(Stored items)
- - - -

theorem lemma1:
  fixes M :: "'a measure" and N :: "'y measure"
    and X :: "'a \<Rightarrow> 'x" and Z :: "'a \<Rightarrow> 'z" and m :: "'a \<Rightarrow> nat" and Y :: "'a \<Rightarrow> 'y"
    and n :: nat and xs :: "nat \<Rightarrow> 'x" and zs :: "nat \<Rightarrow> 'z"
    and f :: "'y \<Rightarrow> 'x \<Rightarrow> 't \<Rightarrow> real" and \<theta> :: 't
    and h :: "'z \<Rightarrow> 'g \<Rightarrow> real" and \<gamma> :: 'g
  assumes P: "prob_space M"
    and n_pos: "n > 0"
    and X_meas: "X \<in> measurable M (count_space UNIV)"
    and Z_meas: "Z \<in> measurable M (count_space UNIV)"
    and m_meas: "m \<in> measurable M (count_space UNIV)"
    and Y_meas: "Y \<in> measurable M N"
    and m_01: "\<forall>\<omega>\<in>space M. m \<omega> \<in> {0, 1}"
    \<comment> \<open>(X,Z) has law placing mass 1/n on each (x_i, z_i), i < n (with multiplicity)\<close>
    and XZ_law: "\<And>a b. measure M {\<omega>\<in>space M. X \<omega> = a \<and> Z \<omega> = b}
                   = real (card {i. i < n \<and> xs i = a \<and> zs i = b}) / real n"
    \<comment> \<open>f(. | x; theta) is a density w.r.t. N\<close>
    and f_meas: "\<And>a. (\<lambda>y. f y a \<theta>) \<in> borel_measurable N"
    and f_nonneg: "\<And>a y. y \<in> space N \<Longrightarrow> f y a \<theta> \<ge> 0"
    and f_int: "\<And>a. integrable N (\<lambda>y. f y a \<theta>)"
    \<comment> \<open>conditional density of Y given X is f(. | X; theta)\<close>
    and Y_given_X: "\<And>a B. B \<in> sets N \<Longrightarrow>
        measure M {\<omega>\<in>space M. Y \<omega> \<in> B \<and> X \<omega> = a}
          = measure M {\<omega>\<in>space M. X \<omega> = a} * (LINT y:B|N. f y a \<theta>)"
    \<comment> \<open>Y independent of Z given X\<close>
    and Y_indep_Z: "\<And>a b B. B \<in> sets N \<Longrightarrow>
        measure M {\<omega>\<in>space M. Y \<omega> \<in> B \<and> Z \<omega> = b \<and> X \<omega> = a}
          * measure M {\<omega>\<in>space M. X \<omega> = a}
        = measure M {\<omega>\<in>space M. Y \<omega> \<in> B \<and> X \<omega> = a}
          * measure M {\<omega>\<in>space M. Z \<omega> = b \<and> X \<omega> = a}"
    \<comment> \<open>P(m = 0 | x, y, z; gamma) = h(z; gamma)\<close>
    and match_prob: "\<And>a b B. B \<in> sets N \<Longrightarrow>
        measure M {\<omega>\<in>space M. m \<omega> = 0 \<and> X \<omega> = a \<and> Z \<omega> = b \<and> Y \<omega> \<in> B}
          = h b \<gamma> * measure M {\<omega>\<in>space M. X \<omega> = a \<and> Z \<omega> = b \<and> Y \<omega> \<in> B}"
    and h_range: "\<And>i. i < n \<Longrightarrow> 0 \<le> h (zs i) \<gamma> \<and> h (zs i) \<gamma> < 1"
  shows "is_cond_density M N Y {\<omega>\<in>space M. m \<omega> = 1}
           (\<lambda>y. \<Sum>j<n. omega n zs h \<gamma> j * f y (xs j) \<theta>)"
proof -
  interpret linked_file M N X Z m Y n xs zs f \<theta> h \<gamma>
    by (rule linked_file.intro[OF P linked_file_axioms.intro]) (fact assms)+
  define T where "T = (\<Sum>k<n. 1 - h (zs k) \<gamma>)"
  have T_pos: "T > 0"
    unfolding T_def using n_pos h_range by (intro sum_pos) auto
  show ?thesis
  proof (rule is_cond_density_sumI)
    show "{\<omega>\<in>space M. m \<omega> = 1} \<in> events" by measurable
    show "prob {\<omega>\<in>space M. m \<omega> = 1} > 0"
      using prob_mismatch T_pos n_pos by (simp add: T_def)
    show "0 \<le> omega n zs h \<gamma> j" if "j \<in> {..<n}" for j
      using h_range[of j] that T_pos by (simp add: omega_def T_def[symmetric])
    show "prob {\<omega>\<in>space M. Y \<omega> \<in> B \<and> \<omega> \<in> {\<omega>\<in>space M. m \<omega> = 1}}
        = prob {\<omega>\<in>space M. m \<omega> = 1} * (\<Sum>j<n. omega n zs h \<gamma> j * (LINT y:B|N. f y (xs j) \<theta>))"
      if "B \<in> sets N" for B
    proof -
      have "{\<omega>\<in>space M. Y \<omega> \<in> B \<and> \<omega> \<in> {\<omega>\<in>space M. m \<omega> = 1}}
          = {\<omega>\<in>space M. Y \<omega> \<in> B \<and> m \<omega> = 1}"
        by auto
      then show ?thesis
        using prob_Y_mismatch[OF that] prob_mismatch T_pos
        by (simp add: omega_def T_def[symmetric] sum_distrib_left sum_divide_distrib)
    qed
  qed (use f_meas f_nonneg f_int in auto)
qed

- - - -

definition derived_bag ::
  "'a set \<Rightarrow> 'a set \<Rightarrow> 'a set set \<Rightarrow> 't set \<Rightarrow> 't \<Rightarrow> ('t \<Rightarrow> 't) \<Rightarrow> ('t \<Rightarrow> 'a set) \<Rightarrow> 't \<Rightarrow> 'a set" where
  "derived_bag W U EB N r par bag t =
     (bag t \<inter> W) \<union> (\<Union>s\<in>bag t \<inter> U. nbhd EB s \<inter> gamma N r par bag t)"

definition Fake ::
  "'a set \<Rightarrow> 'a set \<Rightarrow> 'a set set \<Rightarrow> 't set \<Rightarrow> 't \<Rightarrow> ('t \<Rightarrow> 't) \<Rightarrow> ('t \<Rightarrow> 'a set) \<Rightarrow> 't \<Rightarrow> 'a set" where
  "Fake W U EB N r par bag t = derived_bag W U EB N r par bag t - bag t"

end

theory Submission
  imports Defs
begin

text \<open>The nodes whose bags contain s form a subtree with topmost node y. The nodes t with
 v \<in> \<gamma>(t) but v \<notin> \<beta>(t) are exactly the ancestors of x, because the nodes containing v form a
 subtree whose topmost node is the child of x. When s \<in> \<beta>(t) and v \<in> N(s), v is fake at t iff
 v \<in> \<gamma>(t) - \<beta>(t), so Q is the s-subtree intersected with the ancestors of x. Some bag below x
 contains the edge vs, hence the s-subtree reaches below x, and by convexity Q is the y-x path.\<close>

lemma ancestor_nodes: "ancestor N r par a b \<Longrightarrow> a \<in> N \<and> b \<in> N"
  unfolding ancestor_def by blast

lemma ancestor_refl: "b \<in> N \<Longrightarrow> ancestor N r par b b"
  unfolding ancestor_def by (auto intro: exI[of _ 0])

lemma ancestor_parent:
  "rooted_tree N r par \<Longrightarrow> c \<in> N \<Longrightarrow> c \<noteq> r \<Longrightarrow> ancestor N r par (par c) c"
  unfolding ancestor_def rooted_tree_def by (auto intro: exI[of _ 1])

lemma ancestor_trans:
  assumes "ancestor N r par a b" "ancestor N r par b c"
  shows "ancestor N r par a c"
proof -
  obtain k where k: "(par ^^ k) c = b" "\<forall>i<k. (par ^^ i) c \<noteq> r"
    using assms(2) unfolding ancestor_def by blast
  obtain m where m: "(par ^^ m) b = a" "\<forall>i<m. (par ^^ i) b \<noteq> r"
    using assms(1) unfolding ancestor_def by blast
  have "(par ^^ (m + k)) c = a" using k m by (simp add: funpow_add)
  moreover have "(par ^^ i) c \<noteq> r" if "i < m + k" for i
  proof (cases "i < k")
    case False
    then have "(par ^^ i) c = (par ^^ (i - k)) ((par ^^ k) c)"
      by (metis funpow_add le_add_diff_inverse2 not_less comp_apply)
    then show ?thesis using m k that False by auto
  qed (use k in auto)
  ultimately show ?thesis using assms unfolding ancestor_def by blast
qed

- - - -

▸ Work required:
Gather each line from the entries above that includes the word "open".

▸ Final answer:
    \<comment> \<open>(X,Z) has law placing mass 1/n on each (x_i, z_i), i < n (with multiplicity)\<close>
    \<comment> \<open>f(. | x; theta) is a density w.r.t. N\<close>
    \<comment> \<open>conditional density of Y given X is f(. | X; theta)\<close>
    \<comment> \<open>Y independent of Z given X\<close>
    \<comment> \<open>P(m = 0 | x, y, z; gamma) = h(z; gamma)\<close>
text \<open>The nodes whose bags contain s form a subtree with topmost node y. The nodes t with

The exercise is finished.